ZAMG is the fourth weather centre to select Cray to run advanced machine learning and AI. This project focuses on improving meteorological products including local nowcasts for weather, wind power yield assessments and air quality analysis. Nowcasting means forecasting the weather over short time windows, typically up to two hours. Using deep learning methods, ZAMG is leveraging its Cray CS-Storm supercomputer to optimize the orientation of wind-powered generators for maximum efficiency and to train neural networks with current and historical weather data.
"ZAMG is adopting new methodologies to advance its suite of meteorological products. By leveraging machine learning, we are able to improve the quality of our nowcasting system", stated Dipl. Ing. Mag. Günther Tschabuschnig, CIO at ZAMG. "With the Cray supercomputer, we cannot make the weather better, but we can predict it much better with a whole new level of service."
As the state meteorological and geophysical service of Austria, ZAMG provides critical information and advises on efficient use of conventional and alternative resources for the energy sector. The Institution is tasked with providing accurate weather forecasts on a variety of time scales. This is a challenge ZAMG researchers are solving by training neural networks with massive amounts of weather data from measurement stations and weather models from data collected over the years. With the Cray CS-Storm, ZAMG can improve local nowcasts for wind power, air quality and more.

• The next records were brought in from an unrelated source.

(* Let $2\le k\le d$, suppose dimension $k$ is just rotating (after some step $N\le i$), and let $a=\lambda x^{(i)}_{k-1}$ and $b=x^{(i)}_k$. Suppose that $\theta_g\le\pi/2$, $\gamma(i)>\pi/2$ and $|a+b|>|a|$. Then $\langle\lambda[a+b],[\lambda b]\rangle\le\pi/2$, entailing $\gamma(i+1)\le\phi(i+1)\le\pi/2$.
   Context: Fix an integer $R\ge2$ and $\theta_g=\pi/R$. Polar rounding on $\mathbb{C}$: for $z=Ae^{i\theta}$, $[z]=[A]e^{i[\theta]}$, where $[A]$ is a fixed real rounding function of the modulus and $[\theta]$ is the multiple of $\theta_g$ closest to $\theta$ (deterministic tie-breaking). Let $\lambda\in\mathbb{C}$ be algebraic with $|\lambda|=1$ and $M$ the $d\times d$ Jordan block with eigenvalue $\lambda$. The orbit is $x^{(0)}\in\mathbb{C}^d$ with rounded entries and $x^{(i+1)}_j=[\lambda x^{(i)}_j+x^{(i)}_{j+1}]$ for $j<d$, $x^{(i+1)}_d=[\lambda x^{(i)}_d]$. Dimension $k$ is just rotating after position $N$ if $x^{(i+1)}_k=[\lambda x^{(i)}_k]$ for all $i\ge N$. For $a,b\in\mathbb{C}$ (as vectors in $\mathbb{R}^2$), $\langle a,b\rangle\in[0,\pi]$ is the smallest angle between them. Define $\phi(i)=\langle\lambda x^{(i)}_{k-1},x^{(i)}_k\rangle$ and $\gamma(i)=\langle\lambda x^{(i)}_{k-1}+x^{(i)}_k,\lambda x^{(i)}_{k-1}\rangle$. *)

theory Defs
  imports "HOL-Analysis.Analysis" "HOL-Computational_Algebra.Polynomial"
begin

definition theta_g :: "nat \<Rightarrow> real" where
  "theta_g R = pi / real R"

text \<open>Polar rounding [z] = [A] e^{i [theta]} with z = A e^{i theta}, theta = Arg z in (-pi,pi];
  rA is the fixed rounding function of the modulus; [theta] is the multiple of
  theta_g nearest to theta, ties broken deterministically (upwards, via round).\<close>
definition prnd :: "(real \<Rightarrow> real) \<Rightarrow> nat \<Rightarrow> complex \<Rightarrow> complex" where
  "prnd rA R z = complex_of_real (rA (cmod z)) *
      cis (theta_g R * real_of_int (round (Arg z / theta_g R)))"

text \<open>Smallest angle in [0,pi] between a and b viewed as vectors of R^2.
  (If one of them is 0, this gives pi/2 by the convention x / 0 = 0.)\<close>
definition cangle :: "complex \<Rightarrow> complex \<Rightarrow> real" where
  "cangle a b = arccos (Re (a * cnj b) / (cmod a * cmod b))"

text \<open>Rounded orbit of the d x d Jordan block with eigenvalue lam; coordinates 1..d.\<close>
definition is_orbit ::
  "(real \<Rightarrow> real) \<Rightarrow> nat \<Rightarrow> complex \<Rightarrow> nat \<Rightarrow> (nat \<Rightarrow> nat \<Rightarrow> complex) \<Rightarrow> bool" where
  "is_orbit rA R lam d x \<longleftrightarrow>
     (\<forall>j\<in>{1..d}. \<exists>z. x 0 j = prnd rA R z) \<and>
     (\<forall>i. \<forall>j\<in>{1..<d}. x (Suc i) j = prnd rA R (lam * x i j + x i (Suc j))) \<and>
     (\<forall>i. x (Suc i) d = prnd rA R (lam * x i d))"

definition just_rotating ::
  "(real \<Rightarrow> real) \<Rightarrow> nat \<Rightarrow> complex \<Rightarrow> (nat \<Rightarrow> nat \<Rightarrow> complex) \<Rightarrow> nat \<Rightarrow> nat \<Rightarrow> bool" where
  "just_rotating rA R lam x k N \<longleftrightarrow>
     (\<forall>i\<ge>N. x (Suc i) k = prnd rA R (lam * x i k))"

definition phi_ang :: "complex \<Rightarrow> (nat \<Rightarrow> nat \<Rightarrow> complex) \<Rightarrow> nat \<Rightarrow> nat \<Rightarrow> real" where
  "phi_ang lam x k i = cangle (lam * x i (k - 1)) (x i k)"

definition gamma_ang :: "complex \<Rightarrow> (nat \<Rightarrow> nat \<Rightarrow> complex) \<Rightarrow> nat \<Rightarrow> nat \<Rightarrow> real" where
  "gamma_ang lam x k i = cangle (lam * x i (k - 1) + x i k) (lam * x i (k - 1))"

end

theory Submission
  imports Defs
begin

(* The point b = x_i^(k) is itself rounded, so b = rho e^(i m theta_g), and polar rounding
   commutes with rotation by the grid angle m theta_g.  Write a + b = w b.  The obtuse angle
   between a + b and a together with |a + b| > |a| forces |arg w| < pi/4.  Measured from the
   direction of b, [a + b] then has angle [arg w], of size at most pi/2 - theta_g/2, while
   [lam b] has angle [arg lam], within theta_g/2 of arg lam; so lam [a + b] and [lam b] are at
   most pi/2 apart.  Finally, if u and v make an angle of at most pi/2, then the angle between
   u + v and u is at most the angle between u and v. *)

definition round_angle :: "nat \<Rightarrow> real \<Rightarrow> real" where
  "round_angle R t = theta_g R * of_int (round (t / theta_g R))"

lemma prnd_eq_round_angle:
  "prnd rA R z = of_real (rA (cmod z)) * cis (round_angle R (Arg z))"
  by (simp add: prnd_def round_angle_def)

lemma theta_g_pos: "0 < R \<Longrightarrow> 0 < theta_g R"
  by (simp add: theta_g_def)

lemma theta_g_times_R: "0 < R \<Longrightarrow> theta_g R * real R = pi"
  by (simp add: theta_g_def)

lemma round_angle_add_grid:
  assumes "0 < R"
  shows "round_angle R (t + theta_g R * of_int m) = round_angle R t + theta_g R * of_int m"
proof -
  let ?y = "t / theta_g R"
  have "(t + theta_g R * of_int m) / theta_g R = ?y + of_int m"
    using theta_g_pos[OF assms] by (simp add: field_simps)
  moreover have "round (?y + of_int m) = round ?y + m"
    using of_int_round_gt[of ?y] of_int_round_le[of ?y] by (intro round_unique) auto
  ultimately show ?thesis by (simp add: round_angle_def distrib_left)
qed

lemma abs_round_angle_diff_le:
  assumes "0 < R"
  shows "\<bar>t - round_angle R t\<bar> \<le> theta_g R / 2"
proof -
  let ?\<theta> = "theta_g R"
  have "t - round_angle R t = ?\<theta> * (t / ?\<theta> - of_int (round (t / ?\<theta>)))"
    using theta_g_pos[OF assms] by (simp add: round_angle_def algebra_simps)
  then have "\<bar>t - round_angle R t\<bar> = ?\<theta> * \<bar>of_int (round (t / ?\<theta>)) - t / ?\<theta>\<bar>"
    using theta_g_pos[OF assms] by (simp add: abs_mult abs_minus_commute)
  also have "\<dots> \<le> ?\<theta> * (1 / 2)"
    using theta_g_pos[OF assms] of_int_round_abs_le by (intro mult_left_mono) auto
  finally show ?thesis by simp
qed

lemma abs_round_angle_le:
  assumes "0 < R" "\<bar>t\<bar> < pi / 4"
  shows "\<bar>round_angle R t\<bar> \<le> pi / 2 - theta_g R / 2"
proof -
  let ?\<theta> = "theta_g R" and ?n = "round (t / theta_g R)"
  have \<theta>: "0 < ?\<theta>" "?\<theta> * real R = pi" using assms(1) theta_g_pos theta_g_times_R by auto
  have "\<bar>t\<bar> < real R / 4 * ?\<theta>" using assms(2) \<theta>(2) by (simp add: mult.commute)
  then have "\<bar>t / ?\<theta>\<bar> < real R / 4"
    using \<theta>(1) by (simp add: abs_divide pos_divide_less_eq)
  then have "\<bar>of_int ?n\<bar> < real R / 4 + 1 / 2"
    using of_int_round_abs_le[of "t / ?\<theta>"] by linarith
  then have "4 * \<bar>?n\<bar> < int R + 2" by linarith
  then have "2 * \<bar>?n\<bar> + 1 \<le> int R" using assms(1) by presburger
  then have "?\<theta> * (2 * \<bar>of_int ?n\<bar> + 1) \<le> ?\<theta> * real R"
    using \<theta>(1) by (intro mult_left_mono) linarith+
  then show ?thesis using \<theta> by (simp add: round_angle_def abs_mult algebra_simps)
qed

lemma cis_round_angle_cong:
  assumes "0 < R" "cis s = cis t"
  shows "cis (round_angle R s) = cis (round_angle R t)"
proof -
  obtain n :: int where s: "s = t + 2 * pi * n"
    using assms(2) sin_cos_eq_iff by (metis cis.sel)
  have grid: "2 * pi * n = theta_g R * of_int (2 * int R * n)"
  proof -
    have "theta_g R * of_int (2 * int R * n) = 2 * (theta_g R * real R) * of_int n" by simp
    then show ?thesis using theta_g_times_R[OF assms(1)] by simp
  qed
  have "round_angle R s = round_angle R t + 2 * pi * n"
    by (simp only: s grid round_angle_add_grid[OF assms(1)])
  then show ?thesis by (simp flip: cis_mult)
qed
(* A chain is a coefficient function on basis words, so the differential d (which merges
   adjacent letters) is computed coefficientwise by the dual operation: the coefficient of
   a word w in d c collects, with sign, the coefficients of c on the words obtained from w by
   splitting one loop letter xi = theta eta or xi_L = eta theta into its two factors.

   To set up a recursion we allow words starting at either idempotent s (always ending at L);
   C_n(L) is the case s = L.  For words of length n + 2 starting at s, three explicit maps
   (an inclusion "attach", a projection "contract" and a homotopy "htpy") exhibit the
   complex in length n + 2 as a deformation retract of the complex in length n starting at
   the opposite idempotent, with internal degree shifted by 1 + deg(arrow out of s).  An
   abstract transfer lemma then shows that the homology in length n + 2 vanishes, resp. is
   one-dimensional, exactly when it does in length n.  Together with the lengths 1 and 2,
   computed by hand, this gives a closed numerical criterion for all n, s and degrees m;
   finally the coefficientwise differential is identified with the differential d of the
   statement, and the four cases of the theorem are read off from the criterion. *)

text \<open>Every letter of B_+ either is a loop \<xi>, \<xi>_L or the unique arrow
  \<theta>, \<eta> leaving an idempotent; a loop factors as the product of two arrows.\<close>

fun opp :: "idem \<Rightarrow> idem" where "opp IdL = IdO" | "opp IdO = IdL"
fun arrow :: "idem \<Rightarrow> letter" where "arrow IdL = Et" | "arrow IdO = Th"
fun loop :: "idem \<Rightarrow> letter" where "loop IdL = XiL" | "loop IdO = Xi"

definition is_loop :: "letter \<Rightarrow> bool" where "is_loop a \<longleftrightarrow> a = Xi \<or> a = XiL"
lemma outputs_for_families:
  assumes "disjoint_circuit n p gs" "\<forall>y\<in>Y. T y \<in> set (circ_sems gs)"
  shows "\<exists>out. \<forall>y\<in>Y. out y < length gs \<and> (\<forall>f. circ_vals f gs ! out y = sum f (T y))"
proof -
  define out where "out y = (SOME k. k < length gs \<and> circ_sems gs ! k = T y)" for y
  have found: "\<exists>k. k < length gs \<and> circ_sems gs ! k = T y" if "y \<in> Y" for y
    using assms(2) that in_set_conv_nth[of "T y" "circ_sems gs"] by auto
  have "out y < length gs \<and> circ_sems gs ! out y = T y" if "y \<in> Y" for y
    unfolding out_def by (rule someI_ex[OF found[OF that]])
  then show ?thesis using circ_vals_eq_sum[OF assms(1)] by metis
qed

definition extends_within :: "nat \<Rightarrow> nat \<Rightarrow> nat \<Rightarrow> gate list \<Rightarrow> gate list \<Rightarrow> bool" where
  "extends_within n p c gs gs' \<longleftrightarrow> disjoint_circuit n p gs' \<and>
     plus_count gs' \<le> plus_count gs + c \<and> set (circ_sems gs) \<subseteq> set (circ_sems gs')"

lemma extends_refl: "disjoint_circuit n p gs \<Longrightarrow> extends_within n p 0 gs gs"
  by (simp add: extends_within_def)

lemma extends_trans:
  "extends_within n p c gs gs1 \<Longrightarrow> extends_within n p d gs1 gs2 \<Longrightarrow> extends_within n p (c + d) gs gs2"
  by (auto simp: extends_within_def)

lemma extends_mono: "extends_within n p c gs gs' \<Longrightarrow> c \<le> d \<Longrightarrow> extends_within n p d gs gs'"
  by (auto simp: extends_within_def)

lemma extends_snoc:
  assumes "disjoint_circuit n p (gs @ [g])"
  shows "extends_within n p (if is_plus g then 1 else 0) gs (gs @ [g])"
    and "gate_sem (circ_sems gs) g \<in> set (circ_sems (gs @ [g]))"
  using assms by (auto simp: extends_within_def plus_count_def circ_sems_snoc)

lemma extends_for_all:
  assumes "finite K" "disjoint_circuit n p gs"
    and step: "\<And>k gs1. k \<in> K \<Longrightarrow> disjoint_circuit n p gs1 \<Longrightarrow>
       set (circ_sems gs) \<subseteq> set (circ_sems gs1) \<Longrightarrow>
       \<exists>gs2. extends_within n p (c k) gs1 gs2 \<and> F k \<subseteq> set (circ_sems gs2)"
  shows "\<exists>gs'. extends_within n p (\<Sum>k\<in>K. c k) gs gs' \<and> (\<forall>k\<in>K. F k \<subseteq> set (circ_sems gs'))"
  using assms(1) step
proof (induction K rule: finite_induct)
  case empty
  then show ?case using extends_refl[OF assms(2)] by auto
next
  case (insert x K)
  obtain gs1 where gs1: "extends_within n p (\<Sum>k\<in>K. c k) gs gs1" "\<forall>k\<in>K. F k \<subseteq> set (circ_sems gs1)"
    using insert.IH insert.prems by blast
  obtain gs2 where gs2: "extends_within n p (c x) gs1 gs2" "F x \<subseteq> set (circ_sems gs2)"
    using insert.prems[of x gs1] gs1(1) unfolding extends_within_def by blast
  have "extends_within n p (\<Sum>k\<in>insert x K. c k) gs gs2"
    using extends_trans[OF gs1(1) gs2(1)] insert.hyps by (simp add: add.commute)
  moreover have "\<forall>k\<in>insert x K. F k \<subseteq> set (circ_sems gs2)"
    using gs1(2) gs2 unfolding extends_within_def by blast
  ultimately show ?case by blast
qed

lemma all_inputs: "\<exists>gs. extends_within n p 0 [] gs \<and> (\<forall>X\<in>down_family n p. {X} \<in> set (circ_sems gs))"
proof -
  have "\<exists>gs. extends_within n p (\<Sum>X\<in>down_family n p. 0) [] gs \<and>
      (\<forall>X\<in>down_family n p. {{X}} \<subseteq> set (circ_sems gs))"
  proof (rule extends_for_all[where c = "\<lambda>X. 0" and F = "\<lambda>X. {{X}}"])
    fix X gs1 assume "X \<in> down_family n p" "disjoint_circuit n p gs1"
    then have "disjoint_circuit n p (gs1 @ [Input X])" by (simp add: disjoint_circuit_snoc)
    from extends_snoc[OF this]
    show "\<exists>gs2. extends_within n p 0 gs1 gs2 \<and> {{X}} \<subseteq> set (circ_sems gs2)" by auto
  qed (simp_all add: finite_down_family disjoint_circuit_def wf_circuit_def)
  then show ?thesis by auto
qed

(* The union of k pairwise disjoint computed families costs k plus gates
   (a zero gate followed by k additions). *)
lemma add_disjoint_union:
  assumes "disjoint_circuit n p gs" "finite \<A>" "\<A> \<subseteq> set (circ_sems gs)" "pairwise disjnt \<A>"
  shows "\<exists>gs'. extends_within n p (card \<A>) gs gs' \<and> \<Union>\<A> \<in> set (circ_sems gs')"
  using assms(2-4)
proof (induction \<A> rule: finite_induct)
  case empty
  have "disjoint_circuit n p (gs @ [Const0])" using assms(1) by (simp add: disjoint_circuit_snoc)
  from extends_snoc[OF this] show ?case by auto
next
  case (insert A \<A>)
  obtain gs1 where gs1: "extends_within n p (card \<A>) gs gs1" "\<Union>\<A> \<in> set (circ_sems gs1)"
    using insert.IH insert.prems by (auto simp: pairwise_insert)
  have "A \<in> set (circ_sems gs1)" using insert.prems(1) gs1(1) by (auto simp: extends_within_def)
  then obtain a u where a: "a < length gs1" "circ_sems gs1 ! a = A"
    and u: "u < length gs1" "circ_sems gs1 ! u = \<Union>\<A>"
    using gs1(2) by (metis in_set_conv_nth length_circ_sems)
  have "A \<inter> \<Union>\<A> = {}"
    using insert.prems(2) insert.hyps(2) by (auto simp: pairwise_insert disjnt_def)
  then have "disjoint_circuit n p (gs1 @ [Plus a u])"
    using gs1(1) a u by (simp add: disjoint_circuit_snoc extends_within_def)
  from extends_snoc[OF this] a u
  have ext: "extends_within n p 1 gs1 (gs1 @ [Plus a u])"
    and mem: "\<Union>(insert A \<A>) \<in> set (circ_sems (gs1 @ [Plus a u]))"
    by simp_all
  have "extends_within n p (card (insert A \<A>)) gs (gs1 @ [Plus a u])"
    using extends_trans[OF gs1(1) ext] insert.hyps by simp
  with mem show ?case by blast
qed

"Many of the world's leading weather organizations rely on Cray advanced supercomputing technology for their forecasting", stated Ilene Carpenter, earth sciences segment director at Cray. "Our customers' workloads are becoming increasingly converged as they adopt machine learning and deep learning to augment modelling and simulation. ZAMG's new Cray CS-Storm system enables scientists to extract value from the organisation's rich, historical weather data and more efficiently train neural networks and deep learning models to improve their nowcasting capabilities."